(* Let $\mathcal{M}=\{p(x\mid\theta):\ x\in\mathcal{X},\ \theta\in\Theta\}$ be a model that has a sufficient statistic $t=t(x)\in\mathcal{T}$ for $\theta$, let $\mathcal{P}$ be a class of priors, $\mathbf{X}=(x_1,\dots,x_M)$ data and $\gamma>0$. Let $T=(t(x_1),\dots,t(x_M))\in\mathcal{T}^M$ and let $\mathcal{M}_t=\{p(t\mid\theta):\ t\in\mathcal{T},\ \theta\in\Theta\}$ be the corresponding model in terms of $t$. Then \[ \pi_{\rm er}(\cdot\mid\mathcal{M},\mathcal{P},\mathbf{X},\gamma)=\pi_{\rm er}(\cdot\mid\mathcal{M}_t,\mathcal{P},T,\gamma), \] i.e. a density is an empirical reference prior for $(\mathcal{M},\mathcal{P},\mathbf{X},\gamma)$ if and only if it is one for $(\mathcal{M}_t,\mathcal{P},T,\gamma)$.
   Context: For a model $\mathcal{N}=\{p(y\mid\theta)\}$ and prior $\pi$: $p(y\mid\pi)=\int p(y\mid\theta)\pi(\theta)\,\mathrm d\theta$; for data $\mathbf{Y}=(y_1,\dots,y_M)$ the marginal likelihood is $L(\pi\mid\mathcal{N},\mathbf{Y})=\prod_{m=1}^M p(y_m\mid\pi)$; $\mathcal{N}^k$ is the model of $k$ independent replications, $p(\vec y\mid\theta)=\prod_{i=1}^k p(y^{(i)}\mid\theta)$; the expected information is $\mathcal{I}[\pi\mid\mathcal{N}]=\int\int\pi(\theta)p(y\mid\theta)\log\big(p(y\mid\theta)/p(y\mid\pi)\big)\,\mathrm dy\,\mathrm d\theta$. A proper probability density $\pi\in\mathcal{P}$ is an empirical reference prior $\pi_{\rm er}(\cdot\mid\mathcal{N},\mathcal{P},\mathbf{Y},\gamma)$ if for every proper probability density $\tilde\pi\in\mathcal{P}$, $\lim_{k\to\infty}\big((\log L(\pi\mid\mathcal{N},\mathbf{Y})+\gamma\mathcal{I}[\pi\mid\mathcal{N}^k])-(\log L(\tilde\pi\mid\mathcal{N},\mathbf{Y})+\gamma\mathcal{I}[\tilde\pi\mid\mathcal{N}^k])\big)\ge 0$. *)

theory Defs
  imports "HOL-Probability.Probability"
begin

definition eln :: "real \<Rightarrow> ereal" where
  "eln x = (if 0 < x then ereal (ln x) else -\<infinity>)"

definition density_model :: "'y measure \<Rightarrow> 'p measure \<Rightarrow> ('y \<Rightarrow> 'p \<Rightarrow> real) \<Rightarrow> bool" where
  "density_model MY MP p \<longleftrightarrow>
     sigma_finite_measure MY \<and> sigma_finite_measure MP \<and>
     (\<lambda>(y, \<theta>). p y \<theta>) \<in> borel_measurable (MY \<Otimes>\<^sub>M MP) \<and>
     (\<forall>y\<in>space MY. \<forall>\<theta>\<in>space MP. 0 \<le> p y \<theta>) \<and>
     (\<forall>\<theta>\<in>space MP. prob_space (density MY (\<lambda>y. ennreal (p y \<theta>))))"

definition proper_prior :: "'p measure \<Rightarrow> ('p \<Rightarrow> real) \<Rightarrow> bool" where
  "proper_prior MP \<pi> \<longleftrightarrow>
     \<pi> \<in> borel_measurable MP \<and> (\<forall>\<theta>\<in>space MP. 0 \<le> \<pi> \<theta>) \<and>
     (\<integral>\<^sup>+ \<theta>. ennreal (\<pi> \<theta>) \<partial>MP) = 1"

definition marg :: "'p measure \<Rightarrow> ('y \<Rightarrow> 'p \<Rightarrow> real) \<Rightarrow> ('p \<Rightarrow> real) \<Rightarrow> 'y \<Rightarrow> real" where
  "marg MP p \<pi> y = (\<integral>\<theta>. p y \<theta> * \<pi> \<theta> \<partial>MP)"

definition log_lik :: "'p measure \<Rightarrow> ('y \<Rightarrow> 'p \<Rightarrow> real) \<Rightarrow> ('p \<Rightarrow> real) \<Rightarrow> 'y list \<Rightarrow> ereal" where
  "log_lik MP p \<pi> ys = (\<Sum>y\<leftarrow>ys. eln (marg MP p \<pi> y))"

definition rep_dens :: "('y \<Rightarrow> 'p \<Rightarrow> real) \<Rightarrow> nat \<Rightarrow> (nat \<Rightarrow> 'y) \<Rightarrow> 'p \<Rightarrow> real" where
  "rep_dens p k ys \<theta> = (\<Prod>i<k. p (ys i) \<theta>)"

definition rep_meas :: "'y measure \<Rightarrow> nat \<Rightarrow> (nat \<Rightarrow> 'y) measure" where
  "rep_meas MY k = PiM {..<k} (\<lambda>_. MY)"

definition exp_info :: "'y measure \<Rightarrow> 'p measure \<Rightarrow> ('y \<Rightarrow> 'p \<Rightarrow> real) \<Rightarrow> ('p \<Rightarrow> real) \<Rightarrow> real" where
  "exp_info MY MP p \<pi> =
     (\<integral>\<theta>. (\<integral>y. \<pi> \<theta> * p y \<theta> * ln (p y \<theta> / marg MP p \<pi> y) \<partial>MY) \<partial>MP)"

definition erp_objective ::
  "'y measure \<Rightarrow> 'p measure \<Rightarrow> ('y \<Rightarrow> 'p \<Rightarrow> real) \<Rightarrow> 'y list \<Rightarrow> real \<Rightarrow> ('p \<Rightarrow> real) \<Rightarrow> nat \<Rightarrow> ereal" where
  "erp_objective MY MP p ys \<gamma> \<pi> k =
     log_lik MP p \<pi> ys + ereal (\<gamma> * exp_info (rep_meas MY k) MP (rep_dens p k) \<pi>)"
lemma inj_on_if_no_monomer_between:
  assumes "\<And>a b k. a \<in> S \<Longrightarrow> b \<in> S \<Longrightarrow> a \<le> k \<Longrightarrow> k < b \<Longrightarrow> \<not> monomer_at k"
  shows "inj_on v S"
proof (rule inj_onI)
  fix a b assume ab: "a \<in> S" "b \<in> S" "v a = v b"
  have "even a = even b"
  proof (cases "a \<le> b")
    case True
    then show ?thesis using same_parity_if_return_without_monomer[of a b] ab assms by blast
  next
    case False
    then show ?thesis using same_parity_if_return_without_monomer[of b a] ab assms by force
  qed
  then show "a = b" using eq_if_return_same_parity ab(3) by blast
qed

lemma biinf_path_if_no_monomer:
  assumes "\<And>i. \<not> monomer_at i" shows "biinf_path (range walk_site)"
proof -
  have "inj v" by (rule inj_on_if_no_monomer_between) (use assms in blast)
  moreover have "walk_site i = Inr {v i, v (i + 1)}" "adj (v i) (v (i + 1))" for i
    using walk_site_edge[OF assms] by blast+
  ultimately show ?thesis unfolding biinf_path_def by (intro exI[of _ v]) auto
qed
(* Let $k\ge2$ be even, let $p\ge2$ be an integer, and let $G=C(p,p,\dots,p)$ ($k$ entries, all equal to $p$). Then the number $m(G)$ of distinct Laplacian eigenvalues of $G$ equals $k+1$.
   Context: $C(\alpha_1,\dots,\alpha_k)$ is defined recursively by $C(\alpha_1)=\overline{K_{\alpha_1}}$ (edgeless graph) and $C(\alpha_1,\dots,\alpha_i)=\overline{C(\alpha_1,\dots,\alpha_{i-1})\cup K_{\alpha_i}}$ for $i=2,\dots,k$ (disjoint union, then complement). Equivalently for $k$ even, with $\pi_i$ the $\alpha_i$ vertices introduced at step $i$: $\pi_i$ is a clique for $i$ odd, independent for $i$ even, and for $i<j$ vertices of $\pi_i,\pi_j$ are adjacent iff $j$ is even. Laplacian eigenvalues are those of $L=D-A$. *)

theory Defs
  imports "Jordan_Normal_Form.Char_Poly"
begin

text \<open>Vertices of C(as) (as = [alpha_1,...,alpha_k]): pairs (i,j) with i < k the step
 (0-based, so step i here is step i+1 in the paper) and j < as!i.\<close>

definition C_vertices :: "nat list \<Rightarrow> (nat \<times> nat) set" where
  "C_vertices as = {(i, j). i < length as \<and> j < as ! i}"

text \<open>Adjacency of the graph C(alpha_1,...,alpha_m) built from the first m steps,
 following the recursive definition: C(alpha_1) is edgeless, and
 C(alpha_1..alpha_(i+1)) is the complement of the disjoint union of
 C(alpha_1..alpha_i) with the clique on the new step's vertices.\<close>

fun C_adj_prefix :: "nat list \<Rightarrow> nat \<Rightarrow> nat \<times> nat \<Rightarrow> nat \<times> nat \<Rightarrow> bool" where
  "C_adj_prefix as 0 u v = False"
| "C_adj_prefix as (Suc 0) u v = False"
| "C_adj_prefix as (Suc (Suc i)) u v =
     (u \<noteq> v \<and>
      \<not> (if fst u \<le> i \<and> fst v \<le> i then C_adj_prefix as (Suc i) u v
         else if fst u = Suc i \<and> fst v = Suc i then True
         else False))"

definition C_adj :: "nat list \<Rightarrow> nat \<times> nat \<Rightarrow> nat \<times> nat \<Rightarrow> bool" where
  "C_adj as u v = (u \<in> C_vertices as \<and> v \<in> C_vertices as \<and> C_adj_prefix as (length as) u v)"

definition C_vlist :: "nat list \<Rightarrow> (nat \<times> nat) list" where
  "C_vlist as = concat (map (\<lambda>i. map (\<lambda>j. (i, j)) [0..<as ! i]) [0..<length as])"

definition C_degree :: "nat list \<Rightarrow> nat \<times> nat \<Rightarrow> nat" where
  "C_degree as u = card {v \<in> C_vertices as. C_adj as u v}"

definition C_laplacian :: "nat list \<Rightarrow> real mat" where
  "C_laplacian as =
     (let vs = C_vlist as; n = length vs in
      mat n n (\<lambda>(a, b). if a = b then real (C_degree as (vs ! a))
                        else if C_adj as (vs ! a) (vs ! b) then -1 else 0))"

text \<open>Number of distinct Laplacian eigenvalues (the Laplacian is real symmetric,
 so all its eigenvalues are real).\<close>

definition m_lap :: "nat list \<Rightarrow> nat" where
  "m_lap as = card {x. eigenvalue (C_laplacian as) x}"

end

theory Submission
  imports Defs
begin

text \<open>
  Write the vertices of C(p, ..., p) as pairs (t, j) of a step t < k and a position j < p.
  For k even the Laplacian acts blockwise: steps are cliques or independent sets and two steps
  are either completely joined or not joined at all. A vector supported on one step t and summing
  to zero there is an eigenvector for p times the number of steps joined to t (t included when it
  is a clique), and these numbers exhaust 2, ..., k - 1 (and 1 when k = 2). Vectors constant on
  each step reduce the Laplacian to p times the Laplacian of the k-vertex step graph, which gives
  the eigenvalues 0, p and k p. Conversely, for an eigenvalue \<mu> that is not of the form j p with
  j \<le> k, an eigenvector must be constant on every step, and peeling off the last two steps shows
  that the step graph has no eigenvalue outside {0, ..., k}. So the spectrum is {j p | j \<le> k}.
\<close>

section \<open>The step graph\<close>

text \<open>With k even and steps numbered from 0, step t is a clique iff t is even, and two different
  steps are completely joined iff the later one is odd (\<open>C_adj_iff\<close> below).\<close>

definition step_adj :: "nat \<Rightarrow> nat \<Rightarrow> bool" where
  "step_adj t s = (if t = s then even t else odd (max t s))"

lemma step_adj_sym: "step_adj t s = step_adj s t"
  unfolding step_adj_def by (auto simp: max.commute)

lemma step_adj_below_even: "t < s \<Longrightarrow> even s \<Longrightarrow> \<not> step_adj t s"
  and step_adj_below_odd: "t < s \<Longrightarrow> odd s \<Longrightarrow> step_adj t s"
  unfolding step_adj_def by (simp_all add: max_def)

definition step_laplacian :: "nat \<Rightarrow> (nat \<Rightarrow> real) \<Rightarrow> nat \<Rightarrow> real" where
  "step_laplacian k c t = (\<Sum>s<k. if step_adj t s then c t - c s else 0)"

lemma sum_step_laplacian: "(\<Sum>t<k. step_laplacian k c t) = 0"
proof -
  have "(\<Sum>t<k. step_laplacian k c t)
      = (\<Sum>t<k. \<Sum>s<k. if step_adj t s then c t else 0)
        - (\<Sum>t<k. \<Sum>s<k. if step_adj t s then c s else 0)"
    unfolding step_laplacian_def
    by (simp add: sum_subtractf[symmetric] if_distrib if_distribR cong: if_cong)
  also have "(\<Sum>t<k. \<Sum>s<k. if step_adj t s then c s else 0)
      = (\<Sum>s<k. \<Sum>t<k. if step_adj t s then c s else 0)"
    by (rule sum.swap)
  also have "\<dots> = (\<Sum>t<k. \<Sum>s<k. if step_adj t s then c t else 0)"
    by (simp add: step_adj_sym)
  finally show ?thesis by simp
qed

lemma step_laplacian_Suc_Suc:
  assumes "t < 2 * m"
  shows "step_laplacian (2 * m + 2) c t = step_laplacian (2 * m) c t + (c t - c (2 * m + 1))"
  using assms step_adj_below_even[of t "2 * m"] step_adj_below_odd[of t "2 * m + 1"]
  by (simp add: step_laplacian_def)

text \<open>The last step is joined to all others and the one before it only to the last. Hence an
  eigenvector for an eigenvalue outside {0, ..., 2 m} vanishes on these two steps, and on the
  remaining ones it is an eigenvector for the eigenvalue decreased by 1.\<close>

lemma step_laplacian_eigen_imp_zero:
  assumes "\<And>t. t < 2 * m \<Longrightarrow> step_laplacian (2 * m) c t = x * c t"
    and "\<And>j. j \<le> 2 * m \<Longrightarrow> x \<noteq> real j"
    and "t < 2 * m"
  shows "c t = 0"
  using assms
proof (induction m arbitrary: x t)
  case 0
  then show ?case by simp
next
  case (Suc m)
  let ?K = "2 * m + 2"
  have "2 * Suc m = ?K" by simp
  note eigen = Suc.prems(1)[unfolded this]
  have "x * (\<Sum>t<?K. c t) = (\<Sum>t<?K. step_laplacian ?K c t)"
    unfolding sum_distrib_left using eigen by (intro sum.cong) auto
  then have sum_zero: "(\<Sum>t<?K. c t) = 0"
    using sum_step_laplacian[of ?K c] Suc.prems(2)[of 0] by simp
  have "step_laplacian ?K c (2 * m + 1) = (\<Sum>s<2 * m + 1. c (2 * m + 1) - c s)"
    by (simp add: step_laplacian_def step_adj_def max_def)
  also have "\<dots> = real ?K * c (2 * m + 1)"
    using sum_zero by (simp add: sum_subtractf algebra_simps)
  finally have "(real ?K - x) * c (2 * m + 1) = 0"
    using eigen[of "2 * m + 1"] by (simp add: algebra_simps)
  then have last: "c (2 * m + 1) = 0"
    using Suc.prems(2)[of ?K] by simp
  have "step_laplacian ?K c (2 * m) = c (2 * m) - c (2 * m + 1)"
    by (simp add: step_laplacian_def step_adj_def max_def)
  then have "(1 - x) * c (2 * m) = 0"
    using eigen[of "2 * m"] last by (simp add: algebra_simps)
  then have second_last: "c (2 * m) = 0"
    using Suc.prems(2)[of 1] by simp
  have lower: "c t = 0" if "t < 2 * m" for t
  proof (rule Suc.IH[of "x - 1"])
    show "step_laplacian (2 * m) c t = (x - 1) * c t" if "t < 2 * m" for t
      using eigen[of t] step_laplacian_Suc_Suc[OF that, of c] last that by (simp add: algebra_simps)
    show "x - 1 \<noteq> real j" if "j \<le> 2 * m" for j
      using Suc.prems(2)[of "j + 1"] that by simp
  qed (use that in simp)
  show ?case
    using Suc.prems(3) lower last second_last by (cases "t < 2 * m") (auto simp: less_Suc_eq)
qed

lemma step_laplacian_top_eigen:
  fixes K :: nat
  defines "c \<equiv> \<lambda>s. if s = K then real K else -1"
  assumes "odd K" and "t \<le> K"
  shows "step_laplacian (K + 1) c t = real (K + 1) * c t"
proof (cases "t = K")
  case True
  have "step_laplacian (K + 1) c K = (\<Sum>s<K. if step_adj K s then c K - c s else 0)"
    by (simp add: step_laplacian_def)
  also have "\<dots> = (\<Sum>s<K. real K + 1)"
    using assms(2) by (intro sum.cong) (auto simp: step_adj_def c_def max_def)
  also have "\<dots> = real (K + 1) * c K"
    by (simp add: c_def algebra_simps)
  finally show ?thesis
    using True by simp
next
  case False
  then have "t < K" using assms(3) by simp
  moreover have "(\<Sum>s<K. if step_adj t s then c t - c s else 0) = 0"
    using \<open>t < K\<close> by (intro sum.neutral) (auto simp: c_def)
  ultimately have "step_laplacian (K + 1) c t = c t - c K"
    using step_adj_below_odd[OF \<open>t < K\<close> assms(2)] by (simp add: step_laplacian_def)
  then show ?thesis
    using \<open>t < K\<close> by (simp add: c_def algebra_simps)
qed

lemma step_laplacian_one_eigen:
  fixes K :: nat
  defines "c \<equiv> \<lambda>s. if s < K then 1 else if s = K then - real K else 0"
  assumes "even K" and "t < K + 2"
  shows "step_laplacian (K + 2) c t = c t"
proof -
  have split: "step_laplacian (K + 2) c t = (\<Sum>s<K. if step_adj t s then c t - c s else 0)
      + (if step_adj t K then c t - c K else 0) + (if step_adj t (K + 1) then c t - c (K + 1) else 0)"
    by (simp add: step_laplacian_def)
  consider "t < K" | "t = K" | "t = K + 1"
    using assms(3) by linarith
  then show ?thesis
  proof cases
    case 1
    have "(\<Sum>s<K. if step_adj t s then c t - c s else 0) = 0"
      using 1 by (intro sum.neutral) (auto simp: c_def)
    then show ?thesis
      using 1 assms(2) split step_adj_below_even[of t K] step_adj_below_odd[of t "K + 1"]
      by (simp add: c_def)
  next
    case 2
    have "(\<Sum>s<K. if step_adj t s then c t - c s else 0) = 0"
      using 2 assms(2) by (intro sum.neutral) (auto simp: step_adj_def max_def)
    then show ?thesis
      using 2 assms(2) split step_adj_below_odd[of t "K + 1"] by (simp add: c_def)
  next
    case 3
    have "(\<Sum>s<K. if step_adj t s then c t - c s else 0) = (\<Sum>s<K. -1)"
      using 3 assms(2) by (intro sum.cong) (auto simp: step_adj_def max_def c_def)
    then show ?thesis
      using 3 assms(2) split step_adj_sym[of t K] step_adj_below_odd[of K "K + 1"]
      by (simp add: c_def)
  qed
qed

*TASK GOAL*:
Every line that holds the word "moreover" should be copied from the records above.

*RESULT FOR THIS EXERCISE*:
  moreover have "walk_site i = Inr {v i, v (i + 1)}" "adj (v i) (v (i + 1))" for i
  moreover have "(\<Sum>s<K. if step_adj t s then c t - c s else 0) = 0"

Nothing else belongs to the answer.